- **Data provided**:

_ _ _ _ _ _ _

(* For any $d_y,M\in\mathbb{N}$ and any $\delta>0$, there exists a $\textsc{ReLU}$ network $f:\mathbb R\rightarrow\mathbb R^{d_y}$ of width $d_y$ such that $f(c)=\mathtt{decode}_M(c)$ for all $c\in\mathcal C_{d_yM}$. Furthermore, $f(\mathbb R)\subset[0,1]^{d_y}$.
   Context: For $n\in\mathbb N$, $\mathcal C_n:=\{0,2^{-n},2\cdot2^{-n},\dots,1-2^{-n}\}$ and $q_n:[0,1]\to\mathcal C_n$, $q_n(x)=\max\{c\in\mathcal C_n:c\le x\}$. For $y\in[0,1]^{d_y}$, $\mathtt{encode}_M(y):=\sum_{i=1}^{d_y}q_M(y_i)\,2^{-(i-1)M}\in\mathcal C_{d_yM}$. $\mathtt{decode}_M:\mathcal C_{d_yM}\to\mathcal C_M^{d_y}$ maps $c$ to the unique $\hat y\in\mathcal C_M^{d_y}$ with $\mathtt{encode}_M(\hat y)=c$ (i.e., $\sum_{i=1}^{d_y}\hat y_i 2^{-(i-1)M}=c$). A $\textsc{ReLU}$ network is $t_L\circ\sigma_{L-1}\circ\cdots\circ\sigma_1\circ t_1$ with affine $t_\ell:\mathbb R^{d_{\ell-1}}\to\mathbb R^{d_\ell}$ and coordinatewise $\textsc{ReLU}$ $\sigma_\ell$; its width is $\max\{d_1,\dots,d_{L-1}\}$. *)

theory Defs
  imports Complex_Main
begin

definition dyadic :: "nat \<Rightarrow> real set" where
  "dyadic n = {real k / 2 ^ n | k. k < 2 ^ n}"

definition quant :: "nat \<Rightarrow> real \<Rightarrow> real" where
  "quant n x = Max {c \<in> dyadic n. c \<le> x}"

text \<open>Vectors in R^{d_y} are functions nat => real, coordinates 0..d_y-1
  (paper index i corresponds to index i-1 here).\<close>
definition encode :: "nat \<Rightarrow> nat \<Rightarrow> (nat \<Rightarrow> real) \<Rightarrow> real" where
  "encode dy M y = (\<Sum>i<dy. quant M (y i) / 2 ^ (i * M))"

text \<open>decode_M c = the unique yhat in C_M^{d_y} with encode_M yhat = c
  (coordinates beyond d_y fixed to 0 for uniqueness as a function).\<close>
definition decode :: "nat \<Rightarrow> nat \<Rightarrow> real \<Rightarrow> (nat \<Rightarrow> real)" where
  "decode dy M c = (THE yh. (\<forall>i<dy. yh i \<in> dyadic M) \<and> (\<forall>i\<ge>dy. yh i = 0)
                        \<and> encode dy M yh = c)"

definition relu :: "real \<Rightarrow> real" where
  "relu x = max 0 x"

type_synonym layer = "(nat \<Rightarrow> nat \<Rightarrow> real) \<times> (nat \<Rightarrow> real)"

definition affine :: "layer \<Rightarrow> nat \<Rightarrow> (nat \<Rightarrow> real) \<Rightarrow> (nat \<Rightarrow> real)" where
  "affine l n x = (\<lambda>i. (\<Sum>j<n. fst l i j * x j) + snd l i)"

text \<open>dims = [d_0, d_1, ..., d_L], layers = [t_1, ..., t_L];
  network = t_L o sigma o ... o sigma o t_1.\<close>
fun net_eval :: "nat list \<Rightarrow> layer list \<Rightarrow> (nat \<Rightarrow> real) \<Rightarrow> (nat \<Rightarrow> real)" where
  "net_eval (d0 # ds) [l] x = affine l d0 x"
| "net_eval (d0 # ds) (l # l' # ls) x = net_eval ds (l' # ls) (\<lambda>i. relu (affine l d0 x i))"
| "net_eval _ _ x = x"

definition net_width :: "nat list \<Rightarrow> nat" where
  "net_width dims = foldr max (butlast (tl dims)) 0"

definition relu_net :: "nat \<Rightarrow> nat \<Rightarrow> nat list \<Rightarrow> layer list \<Rightarrow> bool" where
  "relu_net din dout dims layers \<longleftrightarrow>
     layers \<noteq> [] \<and> length dims = length layers + 1 \<and>
     hd dims = din \<and> last dims = dout"

end

theory Submission
  imports Defs
begin

text \<open>Restricted to the finite grid \<open>C\<^sub>d\<^sub>y\<^sub>M\<close>, every coordinate of \<open>decode\<^sub>M\<close> is
  interpolated by a chain \<open>acc := max acc (a x + b)\<close> / \<open>acc := min acc (a x + b)\<close>
  started at \<open>0\<close>, as is every function on a finite set of reals. A network of width \<open>d\<^sub>y\<close>
  keeps the input \<open>c\<close> in its last neuron and uses the second-to-last one as a scratch register
  in which \<open>max u v = v + relu (u - v)\<close> and \<open>min u v = v - relu (v - u)\<close> evaluate such a
  chain one step per layer; the result is written into neuron \<open>k\<close>, for \<open>k < d\<^sub>y - 1\<close>.
  The encoding equation then makes the last coordinate an affine function of \<open>c\<close> and the
  others, and the clamp \<open>x \<mapsto> 1 - relu (1 - relu x)\<close> maps everything into \<open>[0, 1]\<close>
  while fixing the grid values.\<close>

section \<open>Dyadic grids and decoding\<close>

lemma finite_dyadic: "finite (dyadic n)"
proof -
  have "dyadic n = (\<lambda>k. real k / 2 ^ n) ` {..<2 ^ n}"
    unfolding dyadic_def by auto
  then show ?thesis by simp
qed

lemma dyadic_bounds:
  assumes "d \<in> dyadic n"
  shows "0 \<le> d" and "d < 1"
proof -
  obtain k :: nat where k: "d = real k / 2 ^ n" "k < 2 ^ n"
    using assms unfolding dyadic_def by auto
  then have "real k < 2 ^ n"
    by (metis of_nat_less_numeral_power_cancel_iff)
  with k show "0 \<le> d" and "d < 1" by simp_all
qed

lemma quant_dyadic: "d \<in> dyadic n \<Longrightarrow> quant n d = d"
  unfolding quant_def by (rule Max_eqI) (auto intro: finite_subset[OF _ finite_dyadic])

lemma dyadic_digits:
  assumes "\<forall>i<m. y i \<in> dyadic M"
  obtains a :: "nat \<Rightarrow> nat" where "\<forall>i<m. a i < 2 ^ M \<and> y i = real (a i) / 2 ^ M"
proof -
  have "\<forall>i\<in>{..<m}. \<exists>k. k < 2 ^ M \<and> y i = real k / 2 ^ M"
    using assms unfolding dyadic_def by auto
  then show ?thesis
    using that by (metis lessThan_iff)
qed

definition digits_value :: "nat \<Rightarrow> nat \<Rightarrow> (nat \<Rightarrow> nat) \<Rightarrow> nat" where
  "digits_value B n a = (\<Sum>i<n. a i * B ^ (n - 1 - i))"

lemma digits_value_Suc: "digits_value B (Suc n) a = B * digits_value B n a + a n"
proof -
  have "(\<Sum>i<n. a i * B ^ (n - i)) = B * (\<Sum>i<n. a i * B ^ (n - 1 - i))"
    unfolding sum_distrib_left
    by (rule sum.cong) (auto simp: power_Suc[symmetric] Suc_diff_Suc)
  then show ?thesis
    unfolding digits_value_def by simp
qed

lemma digits_value_surj:
  assumes "B > 0" and "k < B ^ n"
  shows "\<exists>a. (\<forall>i<n. a i < B) \<and> digits_value B n a = k"
  using assms(2)
proof (induction n arbitrary: k)
  case 0
  then show ?case by (simp add: digits_value_def)
next
  case (Suc n)
  have "k div B < B ^ n"
    using Suc.prems assms(1) by (simp add: div_less_iff_less_mult mult.commute)
  then obtain a where a: "\<forall>i<n. a i < B" "digits_value B n a = k div B"
    using Suc.IH by blast
  have "digits_value B n (a(n := k mod B)) = digits_value B n a"
    unfolding digits_value_def by (rule sum.cong) auto
  then have "digits_value B (Suc n) (a(n := k mod B)) = k"
    by (simp add: digits_value_Suc a(2))
  moreover have "\<forall>i<Suc n. (a(n := k mod B)) i < B"
    using a(1) assms(1) by (simp add: less_Suc_eq)
  ultimately show ?case by blast
qed

lemma digits_value_inj:
  assumes "B > 0" and "\<forall>i<n. a i < B" and "\<forall>i<n. b i < B"
    and "digits_value B n a = digits_value B n b"
  shows "\<forall>i<n. a i = b i"
  using assms(2-)
proof (induction n)
  case 0
  then show ?case by simp
next
  case (Suc n)
  have eq: "B * digits_value B n a + a n = B * digits_value B n b + b n"
    using Suc.prems(3) by (simp add: digits_value_Suc)
  have "a n < B" "b n < B"
    using Suc.prems(1,2) by simp_all
  then have "(B * digits_value B n a + a n) mod B = a n"
    and "(B * digits_value B n a + a n) div B = digits_value B n a"
    and "(B * digits_value B n b + b n) mod B = b n"
    and "(B * digits_value B n b + b n) div B = digits_value B n b"
    using assms(1) by simp_all
  with eq have "a n = b n" and "digits_value B n a = digits_value B n b"
    by metis+
  with Suc show ?case
    by (simp add: less_Suc_eq)
qed

lemma encode_digits:
  assumes "\<forall>i<dy. a i < 2 ^ M \<and> y i = real (a i) / 2 ^ M"
  shows "encode dy M y = real (digits_value (2 ^ M) dy a) / 2 ^ (dy * M)"
proof -
  have term_eq: "quant M (y i) / 2 ^ (i * M) = real (a i * (2 ^ M) ^ (dy - 1 - i)) / 2 ^ (dy * M)"
    if "i < dy" for i
  proof -
    have "y i \<in> dyadic M"
      using assms that unfolding dyadic_def by auto
    moreover obtain j where "dy = Suc (i + j)"
      using less_imp_Suc_add[OF \<open>i < dy\<close>] by blast
    then have "dy * M = M + i * M + (dy - 1 - i) * M"
      by (simp add: algebra_simps)
    then have "(2::real) ^ (dy * M) = 2 ^ M * 2 ^ (i * M) * (2 ^ M) ^ (dy - 1 - i)"
      by (simp add: power_add power_mult mult.commute)
    ultimately show ?thesis
      using assms that by (simp add: quant_dyadic)
  qed
  show ?thesis
    unfolding encode_def digits_value_def
    by (simp add: term_eq sum_divide_distrib)
qed

lemma encode_onto_dyadic:
  assumes "c \<in> dyadic (dy * M)"
  shows "\<exists>y. (\<forall>i<dy. y i \<in> dyadic M) \<and> (\<forall>i\<ge>dy. y i = 0) \<and> encode dy M y = c"
proof -
  obtain k :: nat where k: "c = real k / 2 ^ (dy * M)" "k < 2 ^ (dy * M)"
    using assms unfolding dyadic_def by auto
  then have "k < (2 ^ M) ^ dy"
    by (simp add: power_mult mult.commute)
  then obtain a where a: "\<forall>i<dy. a i < 2 ^ M" "digits_value (2 ^ M) dy a = k"
    using digits_value_surj[of "2 ^ M"] by auto
  define y where "y i = (if i < dy then real (a i) / 2 ^ M else 0)" for i
  have "encode dy M y = c"
    using a k(1) by (subst encode_digits[of _ a]) (simp_all add: y_def)
  moreover have "\<forall>i<dy. y i \<in> dyadic M"
    using a(1) unfolding y_def dyadic_def by auto
  ultimately show ?thesis
    by (intro exI[of _ y]) (simp add: y_def)
qed

lemma encode_inj_on_dyadic:
  assumes "\<forall>i<dy. y i \<in> dyadic M" and "\<forall>i<dy. y' i \<in> dyadic M"
    and "encode dy M y = encode dy M y'"
  shows "\<forall>i<dy. y i = y' i"
proof -
  obtain a where a: "\<forall>i<dy. a i < 2 ^ M \<and> y i = real (a i) / 2 ^ M"
    using dyadic_digits[OF assms(1)] by blast
  obtain a' where a': "\<forall>i<dy. a' i < 2 ^ M \<and> y' i = real (a' i) / 2 ^ M"
    using dyadic_digits[OF assms(2)] by blast
  have "digits_value (2 ^ M) dy a = digits_value (2 ^ M) dy a'"
    using assms(3) unfolding encode_digits[OF a] encode_digits[OF a'] by simp
  then have "\<forall>i<dy. a i = a' i"
    using a a' by (intro digits_value_inj) auto
  with a a' show ?thesis
    by simp
qed

lemma decode_unique:
  assumes "c \<in> dyadic (dy * M)"
  shows "\<exists>!y. (\<forall>i<dy. y i \<in> dyadic M) \<and> (\<forall>i\<ge>dy. y i = 0) \<and> encode dy M y = c"
proof (rule ex_ex1I)
  show "\<exists>y. (\<forall>i<dy. y i \<in> dyadic M) \<and> (\<forall>i\<ge>dy. y i = 0) \<and> encode dy M y = c"
    using encode_onto_dyadic[OF assms] .
next
  fix y y'
  assume y: "(\<forall>i<dy. y i \<in> dyadic M) \<and> (\<forall>i\<ge>dy. y i = 0) \<and> encode dy M y = c"
    and y': "(\<forall>i<dy. y' i \<in> dyadic M) \<and> (\<forall>i\<ge>dy. y' i = 0) \<and> encode dy M y' = c"
  then have "\<forall>i<dy. y i = y' i"
    using encode_inj_on_dyadic[of dy y M y'] by simp
  with y y' show "y = y'"
    by (metis not_le ext)
qed

lemma
  assumes "c \<in> dyadic (dy * M)"
  shows decode_in_dyadic: "i < dy \<Longrightarrow> decode dy M c i \<in> dyadic M"
    and encode_decode: "encode dy M (decode dy M c) = c"
  using theI'[OF decode_unique[OF assms]] unfolding decode_def by blast+

lemma decode_last:
  assumes "c \<in> dyadic (dy * M)" and "dy \<ge> 1"
  shows "decode dy M c (dy - 1)
    = 2 ^ ((dy - 1) * M) * (c - (\<Sum>i<dy - 1. decode dy M c i / 2 ^ (i * M)))"
proof -
  have "c = (\<Sum>i<dy. decode dy M c i / 2 ^ (i * M))"
    using encode_decode[OF assms(1)] decode_in_dyadic[OF assms(1)]
    unfolding encode_def by (simp add: quant_dyadic)
  also have "\<dots> = decode dy M c (dy - 1) / 2 ^ ((dy - 1) * M)
      + (\<Sum>i<dy - 1. decode dy M c i / 2 ^ (i * M))"
    using assms(2) by (cases dy) simp_all
  finally show ?thesis
    by (simp add: field_simps)
qed

section \<open>Max-min chains\<close>

datatype chain_step = Max_aff real real | Min_aff real real

fun apply_step :: "chain_step \<Rightarrow> real \<Rightarrow> real \<Rightarrow> real" where
  "apply_step (Max_aff a b) x acc = max acc (a * x + b)"
| "apply_step (Min_aff a b) x acc = min acc (a * x + b)"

_ _ _ _ _ _ _

- **To do**: Please give again the lines above between the line holding "B (Suc n) a" and the line holding "by (rule sum.cong) (auto", inclusive, exactly as they are and with nothing added.

- **Response**:
lemma digits_value_Suc: "digits_value B (Suc n) a = B * digits_value B n a + a n"
proof -
  have "(\<Sum>i<n. a i * B ^ (n - i)) = B * (\<Sum>i<n. a i * B ^ (n - 1 - i))"
    unfolding sum_distrib_left
    by (rule sum.cong) (auto simp: power_Suc[symmetric] Suc_diff_Suc)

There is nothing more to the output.